Taking the most general view of the matter, we may say that only when the sacred duty of blood-revenge, constituting the religion of the savage, becomes less sacred, does there arise a possibility of emergence from the deepest barbarism. Only as fast as the retaliation, which for a murder on one side inflicts a murder or murders on the other, becomes less imperative, is it possible for larger aggregates of men to hold together and civilization to commence. And so, too, out of lower stages of civilization higher ones can emerge, only as there diminishes this pursuit of international revenge and re-revenge, which the code we inherit from the savage insists upon. Such advantages, bodily and mental, as the race derives from the discipline of war, are outbalanced by the disadvantages, physical and moral, but especially moral, which result after a certain stage of progress is reached. Severe and bloody as the process is, the killing-off of inferior races and inferior individuals leaves a balance of benefit to mankind during phases of progress in which the moral development is low, and there are no quick sympathies to be continually seared by the infliction of pain and death. But as there arise higher types of societies, implying types of individual character fitted for closer coöperation, the destructive activities exercised by such higher societies have injurious reactive effects on the moral natures of their members, which outweigh the benefit resulting from extirpation of inferior races. After this stage has been reached, the purifying process, continuing still an important one, remains to be carried on by industrial war—by a competition of societies during which the best, physically, emotionally, and intellectually, spread most, and leave the least capable to disappear gradually, from failing to leave an adequately-numerous posterity.

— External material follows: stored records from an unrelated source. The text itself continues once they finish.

(* For every $n\ge1$ and $r\in\mathbb{N}\cup\{0\}$, the only global smooth functions on the moduli spaces of $r$-jets of linear connections (symmetric or not) are the constants: $$\mathcal{C}^\infty(\mathfrak{C}^r_n)=\mathbb{R},\qquad\mathcal{C}^\infty(\widetilde{\mathfrak{C}}^r_n)=\mathbb{R}.$$ Equivalently, every smooth $\mathrm{Diff}_x$-invariant function on $J^r_x\mathcal{C}$ (resp. on $J^r_x\widetilde{\mathcal{C}}$) is constant.
   Context: $X$ is a smooth $n$-manifold, $x\in X$; $J^r_x\mathcal{C}$ (resp. $J^r_x\widetilde{\mathcal{C}}$) is the manifold of $r$-jets at $x$ of linear connections (resp. symmetric linear connections). The group $\mathrm{Diff}_x$ of germs of diffeomorphisms fixing $x$ acts by $(\tau\cdot\nabla)_D\bar D=\tau_*^{-1}(\nabla_{\tau_*D}\tau_*\bar D)$, through the Lie group $\mathrm{Diff}^{r+2}_x$ of $(r+2)$-jets. $\mathfrak{C}^r_n=J^r_x\mathcal{C}/\mathrm{Diff}^{r+2}_x$ and $\widetilde{\mathfrak{C}}^r_n=J^r_x\widetilde{\mathcal{C}}/\mathrm{Diff}^{r+2}_x$ are quotient ringed spaces: a function $h$ on an open $V$ of the quotient is smooth iff $h\circ\pi$ is smooth on $\pi^{-1}(V)$; hence $\mathcal{C}^\infty(\mathfrak{C}^r_n)=\mathcal{C}^\infty(J^r_x\mathcal{C})^{\mathrm{Diff}_x}$. These global smooth functions are called (scalar) differential invariants of order $\le r$. *)

theory Defs
  imports "HOL-Analysis.Analysis" "HOL-Library.Multiset"
begin

coinductive smooth_on :: "'a::euclidean_space set \<Rightarrow> ('a \<Rightarrow> real) \<Rightarrow> bool"
  for U :: "'a set" where
  "(\<forall>x\<in>U. f differentiable (at x)) \<Longrightarrow>
   (\<forall>b\<in>Basis. smooth_on U (\<lambda>x. frechet_derivative f (at x) b)) \<Longrightarrow>
   smooth_on U f"

definition pd :: "'n::finite \<Rightarrow> (real^'n \<Rightarrow> real) \<Rightarrow> real^'n \<Rightarrow> real" where
  "pd i f x = frechet_derivative f (at x) (axis i 1)"

fun pdl :: "'n::finite list \<Rightarrow> (real^'n \<Rightarrow> real) \<Rightarrow> real^'n \<Rightarrow> real" where
  "pdl [] f = f"
| "pdl (i # is) f = pd i (pdl is f)"

(* partial derivative d^alpha for a multi-index alpha (a multiset of coordinates) *)
definition pdm :: "'n::finite multiset \<Rightarrow> (real^'n \<Rightarrow> real) \<Rightarrow> real^'n \<Rightarrow> real" where
  "pdm \<alpha> f = pdl (SOME l. mset l = \<alpha>) f"

(* germ at 0 of a linear connection on R^n, given by its Christoffel symbols
   G i j k = Gamma^k_{ij}, i.e. nabla_{d_i} d_j = sum_k Gamma^k_{ij} d_k *)
definition conn_germ :: "('n::finite \<Rightarrow> 'n \<Rightarrow> 'n \<Rightarrow> real^'n \<Rightarrow> real) \<Rightarrow> bool" where
  "conn_germ G \<longleftrightarrow> (\<exists>U. open U \<and> 0 \<in> U \<and> (\<forall>i j k. smooth_on U (G i j k)))"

Those educated in the religion of enmity—those who during boyhood, when the instincts of the savage are dominant, have revelled in the congenial ideas and sentiments which classic poems and histories yield so abundantly, and have become confirmed in the belief that war is virtuous and peace ignoble—are naturally blind to truths of this kind. Rather should we say, perhaps, that they have never turned their eyes in search of such truths. And their bias is so strong that nothing more than a nominal recognition of such truths is possible to them; if even this. What perverted conceptions of sociological phenomena this bias produces, may be seen in the following passage from Gibbon:

"It was scarcely possible that the eyes of contemporaries should discover in the public felicity the causes of decay and corruption. The long peace, and the uniform government of the Romans, had introduced a slow and secret poison into the vitals of the empire."[1]

In which sentences there is involved the abstract proposition that in proportion as men are long held together in that mutual dependence

  1. "Decline and Fall," chapter ii.